▶ **Requirement**: This exercise calls for the line with "greedily into such", the line with "section \<open>Controls\<close>", and all lines between them in the material below, output exactly and with no other lines.

▶ **Data for the task**:
definition C3b_norm ::
  "nat \<Rightarrow> (nat \<Rightarrow> 'a::real_normed_vector \<Rightarrow> 'a) \<Rightarrow> (nat \<Rightarrow> 'a \<Rightarrow> 'a \<Rightarrow>\<^sub>L 'a)
    \<Rightarrow> (nat \<Rightarrow> 'a \<Rightarrow> 'a \<Rightarrow>\<^sub>L ('a \<Rightarrow>\<^sub>L 'a))
    \<Rightarrow> (nat \<Rightarrow> 'a \<Rightarrow> 'a \<Rightarrow>\<^sub>L ('a \<Rightarrow>\<^sub>L ('a \<Rightarrow>\<^sub>L 'a))) \<Rightarrow> real" where
  "C3b_norm d f D1 D2 D3 = Max ((\<lambda>\<mu>. Max {(SUP x. norm (f \<mu> x)), (SUP x. norm (D1 \<mu> x)),
                                          (SUP x. norm (D2 \<mu> x)), (SUP x. norm (D3 \<mu> x))}) ` {..<d})"

definition zetaN :: "nat \<Rightarrow> real \<Rightarrow> real" where
  "zetaN N s = (\<Sum>j=1..N. real j powr (- s))"

definition CpN :: "real \<Rightarrow> nat \<Rightarrow> real" where
  "CpN p N = 2 powr (2 / p) * zetaN N (2 / p)"

definition Lp :: "real \<Rightarrow> nat \<Rightarrow> real" where
  "Lp p N = 4 powr (3/2 - 2/p) * 7 powr (2 - 3/p) * CpN p N"

definition Kp :: "real \<Rightarrow> nat \<Rightarrow> real" where
  "Kp p N = 9 * 2 powr (6 * (1 - 1/p)) *
     max 1 (6 powr (1 - 1/p) * 8 powr ((1 - 1/p) * (1 - 2/p)) * CpN p N powr (1 - 1/p))"

definition Kp' :: "real \<Rightarrow> nat \<Rightarrow> real" where
  "Kp' p N = 3 * 2 powr (1 - 2/p) * (1 + (Kp p N)\<^sup>2)"

definition cpN :: "real \<Rightarrow> nat \<Rightarrow> real" where
  "cpN p N = 2 powr p * exp (2 * p) * (Lp p N + (Kp p N)\<^sup>2 + Kp' p N) powr p"

definition cpN' :: "real \<Rightarrow> nat \<Rightarrow> real" where
  "cpN' p N = 2 powr (1 - 2/p) * cpN p N powr (1 / p)"

end

(*
  The argument is a discrete version of rough-path sewing. If the defect
  Xi s t - Xi s m - Xi m t of a two-parameter germ Xi is bounded by omega(s,t)^theta
  for a superadditive control omega, then deleting one by one a partition point at
  which omega over the two adjacent intervals is at most twice its average (Young's
  argument) bounds the Riemann sum of Xi over {a..b} minus Xi a b by
  2^theta zeta_N(theta) omega(a,b)^theta. With theta = 2/p <= 1 the finite sum zeta_N
  replaces the usual convergence condition; the controls are p-th powers of
  p-variations of the drivers.

  For the germ f(y_s)(w_t - w_s) this gives, by induction on t - s, increments of an
  Euler solution of size 2 M omega_w(s,t)^(1/p) on intervals where M omega_w^(1/p) is
  small. For the difference of two solutions, with defects controlled by the second
  difference of f, it gives |x_m - x'_m| <= 2 |x_k - x'_k| + 4 M omega_(w-w')(k,l)^(1/p)
  on intervals [k,l] where M (omega_w + omega_w')^(1/p) <= eta. Cutting {0..N}
  greedily into such intervals, passing to the next interval multiplies the error by
  exp(gamma M^p (omega_w + omega_w')) over the interval just left, and superadditivity
  adds up the exponents.

  Only the first level of the rough path norms enters the bound.
*)

theory Submission
  imports Defs
begin

section \<open>Controls\<close>

definition control :: "(nat \<Rightarrow> nat \<Rightarrow> real) \<Rightarrow> bool" where
  "control \<omega> \<longleftrightarrow> (\<forall>s t. 0 \<le> \<omega> s t) \<and> (\<forall>s m t. s \<le> m \<longrightarrow> m \<le> t \<longrightarrow> \<omega> s m + \<omega> m t \<le> \<omega> s t)"

lemma control_nonneg: "control \<omega> \<Longrightarrow> 0 \<le> \<omega> s t"
  by (simp add: control_def)

lemma control_superadditive: "control \<omega> \<Longrightarrow> s \<le> m \<Longrightarrow> m \<le> t \<Longrightarrow> \<omega> s m + \<omega> m t \<le> \<omega> s t"
  by (simp add: control_def)

lemma control_mono:
  assumes "control \<omega>" "a \<le> s" "s \<le> t" "t \<le> b"
  shows "\<omega> s t \<le> \<omega> a b"
  using control_superadditive[OF assms(1), of a s t] control_superadditive[OF assms(1), of a t b]
    control_nonneg[OF assms(1), of a s] control_nonneg[OF assms(1), of t b] assms(2-4)
  by linarith

lemma control_add: "control \<omega>1 \<Longrightarrow> control \<omega>2 \<Longrightarrow> control (\<lambda>s t. \<omega>1 s t + \<omega>2 s t)"
  unfolding control_def by (smt (verit))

▶ **Written reply**:
  greedily into such intervals, passing to the next interval multiplies the error by
  exp(gamma M^p (omega_w + omega_w')) over the interval just left, and superadditivity
  adds up the exponents.

  Only the first level of the rough path norms enters the bound.
*)

theory Submission
  imports Defs
begin

section \<open>Controls\<close>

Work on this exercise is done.